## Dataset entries

>>>

lemma chern_Q2_orthogonal_Jcentral:
  "chern_Q2 g L \<mu> m F V V = 2 * (\<Sum>s<m. \<Sum>q<m. bracket_coeff V s q * cnj (bracket_coeff V s q))"
proof -
  let ?\<beta> = "bracket_coeff V"
  let ?N = "\<Sum>s<m. \<Sum>q<m. ?\<beta> s q * cnj (?\<beta> s q)"
  have "chern_Q2 g L \<mu> m F V V
      = (\<Sum>s<m. \<Sum>q<m. cnj (?\<beta> q s) * ?\<beta> q s + cnj (?\<beta> s q) * ?\<beta> s q
          - cnj (?\<beta> q s) * ?\<beta> s q - cnj (?\<beta> s q) * ?\<beta> q s)"
    unfolding chern_Q2_def
    by (intro sum.cong refl) (simp add: gC_torC_frame_orthogonal_Jcentral algebra_simps)
  also have "\<dots> = ?N + ?N - 0 - 0"
  proof -
    have "(\<Sum>s<m. \<Sum>q<m. cnj (?\<beta> q s) * ?\<beta> q s) = ?N"
      by (subst sum.swap) (simp add: mult.commute)
    moreover have "(\<Sum>s<m. \<Sum>q<m. cnj (?\<beta> s q) * ?\<beta> s q) = ?N"
      by (simp add: mult.commute)
    ultimately show ?thesis
      by (simp only: sum.distrib sum_subtractf bracket_coeff_cross_double_sum)
  qed
  finally show ?thesis by simp
qed

lemma Theta_orthogonal_Jcentral: "Theta g L \<mu> m F V V = 0"
  by (simp add: Theta_def chern_S_orthogonal_Jcentral chern_Q2_orthogonal_Jcentral)

end

context
  fixes X :: "complex^'n"
  assumes X_T10: "X \<in> T10 J" and X_Jcentral: "Jcentral X"
begin

lemma Theta_Jcentral:
  "Theta g L \<mu> m F X X
    = of_real ((\<Sum>s<m. hnorm_sq (nablaC (F s) X))
      + (\<Sum>s<m. \<Sum>q<m. (cmod (gC (brC (F s) (F q)) (vcnj X)))\<^sup>2) / 2)"
proof -
  let ?\<tau> = "\<lambda>s q. gC (torC L \<mu> (F s) (F q)) (vcnj X)"
  let ?b = "\<lambda>s q. gC (brC (F s) (F q)) (vcnj X)"
  have S: "chern_S g L \<mu> m F X X = of_real (\<Sum>s<m. hnorm_sq (nablaC (F s) X))"
    by (simp add: chern_S_def gC_curvC_Jcentral F_T10 X_T10 X_Jcentral gC_vcnj_self)
  have "chern_Q2 g L \<mu> m F X X = (\<Sum>s<m. \<Sum>q<m. ?\<tau> s q * cnj (?\<tau> s q))"
    by (simp add: chern_Q2_def torC_vcnj cnj_gC)
  also have "\<dots> = (\<Sum>s<m. \<Sum>q<m. ?b s q * cnj (?b s q))"
    by (simp add: gC_torC_Jcentral F_T10 X_T10 X_Jcentral)
  also have "\<dots> = of_real (\<Sum>s<m. \<Sum>q<m. (cmod (?b s q))\<^sup>2)"
    by (simp only: complex_norm_square of_real_sum)
  finally show ?thesis
    by (simp add: Theta_def S)
qed

lemma Theta_Jcentral_eq_0_imp:
  assumes "Theta g L \<mu> m F X X = 0"
  shows nablaC_frame_eq_0: "\<And>s. s < m \<Longrightarrow> nablaC (F s) X = 0"
    and gC_brC_frame_eq_0: "\<And>s q. s < m \<Longrightarrow> q < m \<Longrightarrow> gC (brC (F s) (F q)) (vcnj X) = 0"
proof -
  have "(\<Sum>s<m. hnorm_sq (nablaC (F s) X))
      + (\<Sum>s<m. \<Sum>q<m. (cmod (gC (brC (F s) (F q)) (vcnj X)))\<^sup>2) / 2 = 0"
    using assms by (simp only: Theta_Jcentral of_real_eq_0_iff)
  moreover have "(\<Sum>s<m. hnorm_sq (nablaC (F s) X)) \<ge> 0"
    by (simp add: sum_nonneg hnorm_sq_nonneg)
  moreover have "(\<Sum>s<m. \<Sum>q<m. (cmod (gC (brC (F s) (F q)) (vcnj X)))\<^sup>2) \<ge> 0"
    by (simp add: sum_nonneg)
  ultimately have "(\<Sum>s<m. hnorm_sq (nablaC (F s) X)) = 0"
    and "(\<Sum>s<m. \<Sum>q<m. (cmod (gC (brC (F s) (F q)) (vcnj X)))\<^sup>2) = 0"
    by linarith+
  then show "\<And>s. s < m \<Longrightarrow> nablaC (F s) X = 0"
    and "\<And>s q. s < m \<Longrightarrow> q < m \<Longrightarrow> gC (brC (F s) (F q)) (vcnj X) = 0"
    by (simp_all add: sum_nonneg_eq_0_iff sum_nonneg hnorm_sq_nonneg hnorm_sq_eq_0_iff)
qed

lemma gC_brC_eq_0_if_Theta_eq_0:
  assumes "Theta g L \<mu> m F X X = 0"
  shows "gC (brC U W) (vcnj X) = 0"
proof -
  have bracket_T01_T01: "gC (brC (vcnj (F s)) (vcnj (F q))) (vcnj X) = 0" if "s < m" "q < m" for s q
  proof -
    have "gC (brC (vcnj (F s)) (vcnj (F q))) (vcnj X) = cnj (gC (brC (F s) (F q)) X)"
      by (simp add: cnj_gC vcnj_brC)
    also have "gC (brC (F s) (F q)) X = 0"
      using that by (intro gC_T10_T10 bracket_T10[OF bilinear_mu integrable] F_T10 X_T10)
    finally show ?thesis by simp
  qed
  have mixed_T10_T01: "gC (brC (F s) (vcnj (F q))) (vcnj X) = 0" if "s < m" "q < m" for s q
  proof -
    have "gC (brC (F s) (vcnj (F q))) (vcnj X) = - cnj (gC X (brC (F q) (vcnj (F s))))"
      using brC_antisym[of "F s" "vcnj (F q)"] by (simp add: cnj_gC vcnj_brC gC_sym gC_expand)
    also have "gC X (brC (F q) (vcnj (F s))) = 0"
      using that by (intro gC_brC_mixed_if_nablaC_eq_0 F_T10 X_T10 nablaC_frame_eq_0[OF assms])
    finally show ?thesis by simp
  qed
  have mixed_T01_T10: "gC (brC (vcnj (F s)) (F q)) (vcnj X) = 0" if "s < m" "q < m" for s q
    using mixed_T10_T01[OF that(2,1)] brC_antisym[of "vcnj (F s)"] by (simp add: gC_expand)
  show ?thesis
  proof (rule gC_cext2_eq_0_if_frame_left[OF bilinear_mu])
    fix s assume "s < m"
    show "gC (brC (F s) W) (vcnj X) = 0"
      by (rule gC_cext2_eq_0_if_frame_right[OF bilinear_mu])
        (use \<open>s < m\<close> gC_brC_frame_eq_0[OF assms] mixed_T10_T01 in auto)
    show "gC (brC (vcnj (F s)) W) (vcnj X) = 0"
      by (rule gC_cext2_eq_0_if_frame_right[OF bilinear_mu])
        (use \<open>s < m\<close> bracket_T01_T01 mixed_T01_T10 in auto)
  qed
qed

end

lemma Theta_derived_ne_0:
  assumes "\<mu> a b \<noteq> 0"
  defines "X \<equiv> cx (\<mu> a b) - \<i> *s cx (J (\<mu> a b))"
  shows "Theta g L \<mu> m F X X \<noteq> 0"
proof
  assume "Theta g L \<mu> m F X X = 0"
  moreover have "Jcentral X"
    by (simp add: X_def Jcentral_def mu_Jcenter J_Jcenter subspace_neg[OF subspace_Jcenter])
  ultimately have "gC (brC (cx a) (cx b)) (vcnj X) = 0"
    using gC_brC_eq_0_if_Theta_eq_0 T10_of_real X_def by blast
  then have "Re (gC (cx (\<mu> a b)) (vcnj X)) = 0"
    by (simp add: cext2_cx[OF bilinear_mu])
  then have "g (\<mu> a b) (\<mu> a b) = 0"
    by (simp add: X_def g_expand)
  with assms(1) g_pos show False by force
qed

end

theorem proposition4p1:
  fixes \<mu> :: "real^'n \<Rightarrow> real^'n \<Rightarrow> real^'n" and J :: "real^'n \<Rightarrow> real^'n"
  assumes "lie_algebra \<mu>"
    and "two_step_nilpotent \<mu>"
    and "complex_structure J"
    and "integrable_cs J \<mu>"
    and "\<forall>x y. J (\<mu> x y) \<in> center \<mu>"
  shows "\<not> (\<exists>g. hcf_plus_static J \<mu> g)"
proof
  assume "\<exists>g. hcf_plus_static J \<mu> g"
  then obtain g L m F c where "hermitian_metric J g" "chern_connection J \<mu> g L"
    and "unitary_frame J g m F"
    and static: "\<forall>X\<in>T10 J. \<forall>Y\<in>T10 J.
      Theta g L \<mu> m F X Y = complex_of_real c * cform g X (vcnj Y)"
    unfolding hcf_plus_static_def by blast
  then interpret two_step_chern_frame J g \<mu> L m F
    using assms by unfold_locales auto
  obtain V where "V \<in> T10 J" "V \<noteq> 0" "\<And>C. Jcentral C \<Longrightarrow> gC V C = 0"
    using exists_T10_orthogonal_Jcentral by blast
  then have "of_real c * gC V (vcnj V) = 0"
    using static Theta_orthogonal_Jcentral by metis
  with \<open>V \<noteq> 0\<close> have "c = 0"
    by (simp add: gC_vcnj_self_eq_0_iff)
  obtain a b where "\<mu> a b \<noteq> 0"
    using assms(2) by (auto simp: two_step_nilpotent_def)
  then show False
    using Theta_derived_ne_0 static \<open>c = 0\<close> T10_of_real by simp
qed

end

<<<

## WHAT YOU ARE ASKED TO DO
Scan the lines above, and whenever one holds the string "with", copy it.

## SOLVED EXERCISE
  with assms(1) g_pos show False by force
  with \<open>V \<noteq> 0\<close> have "c = 0"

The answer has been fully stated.